> [Required action]: Only an exact repetition of the entries will do.

***** Data to examine *****

(* Let $n\ge1$. Averaged over all quasi-Stirling permutations of size $n$, the mean number of ascents is $(3n+1)/4$, the mean number of descents is $(3n+1)/4$, and the mean number of plateaus is $(n+1)/2$.
   Context: A quasi-Stirling permutation of size $n$ is a permutation $\pi_1\cdots\pi_{2n}$ of the multiset $\{1,1,2,2,\dots,n,n\}$ with no indices $i<j<k<\ell$ such that $\pi_i=\pi_k$ and $\pi_j=\pi_\ell$. For a sequence $\pi_1\cdots\pi_r$: $i\in\{1,\dots,r\}$ is a descent if $\pi_i>\pi_{i+1}$ or $i=r$; $i\in\{0,\dots,r-1\}$ is an ascent if $i=0$ or $\pi_i<\pi_{i+1}$; $i\in\{1,\dots,r-1\}$ is a plateau if $\pi_i=\pi_{i+1}$. *)

theory Defs
  imports Complex_Main "HOL-Library.Multiset"
begin

text \<open>Sequences are lists; the informal 1-based entry pi_i is xs ! (i - 1).\<close>

definition quasi_stirling :: "nat \<Rightarrow> nat list \<Rightarrow> bool" where
  "quasi_stirling n xs \<longleftrightarrow>
     mset xs = mset ([1..<n+1] @ [1..<n+1]) \<and>
     \<not> (\<exists>i j k l. i < j \<and> j < k \<and> k < l \<and> l < length xs \<and>
            xs ! i = xs ! k \<and> xs ! j = xs ! l)"

definition QS :: "nat \<Rightarrow> nat list set" where
  "QS n = {xs. quasi_stirling n xs}"

definition des :: "nat list \<Rightarrow> nat" where
  "des xs = card {i \<in> {1..length xs}.
      i = length xs \<or> xs ! (i - 1) > xs ! i}"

*****

> [Answer to the exercise]:
(* Let $n\ge1$. Averaged over all quasi-Stirling permutations of size $n$, the mean number of ascents is $(3n+1)/4$, the mean number of descents is $(3n+1)/4$, and the mean number of plateaus is $(n+1)/2$.
   Context: A quasi-Stirling permutation of size $n$ is a permutation $\pi_1\cdots\pi_{2n}$ of the multiset $\{1,1,2,2,\dots,n,n\}$ with no indices $i<j<k<\ell$ such that $\pi_i=\pi_k$ and $\pi_j=\pi_\ell$. For a sequence $\pi_1\cdots\pi_r$: $i\in\{1,\dots,r\}$ is a descent if $\pi_i>\pi_{i+1}$ or $i=r$; $i\in\{0,\dots,r-1\}$ is an ascent if $i=0$ or $\pi_i<\pi_{i+1}$; $i\in\{1,\dots,r-1\}$ is a plateau if $\pi_i=\pi_{i+1}$. *)

theory Defs
  imports Complex_Main "HOL-Library.Multiset"
begin

text \<open>Sequences are lists; the informal 1-based entry pi_i is xs ! (i - 1).\<close>

definition quasi_stirling :: "nat \<Rightarrow> nat list \<Rightarrow> bool" where
  "quasi_stirling n xs \<longleftrightarrow>
     mset xs = mset ([1..<n+1] @ [1..<n+1]) \<and>
     \<not> (\<exists>i j k l. i < j \<and> j < k \<and> k < l \<and> l < length xs \<and>
            xs ! i = xs ! k \<and> xs ! j = xs ! l)"

definition QS :: "nat \<Rightarrow> nat list set" where
  "QS n = {xs. quasi_stirling n xs}"

definition des :: "nat list \<Rightarrow> nat" where
  "des xs = card {i \<in> {1..length xs}.
      i = length xs \<or> xs ! (i - 1) > xs ! i}"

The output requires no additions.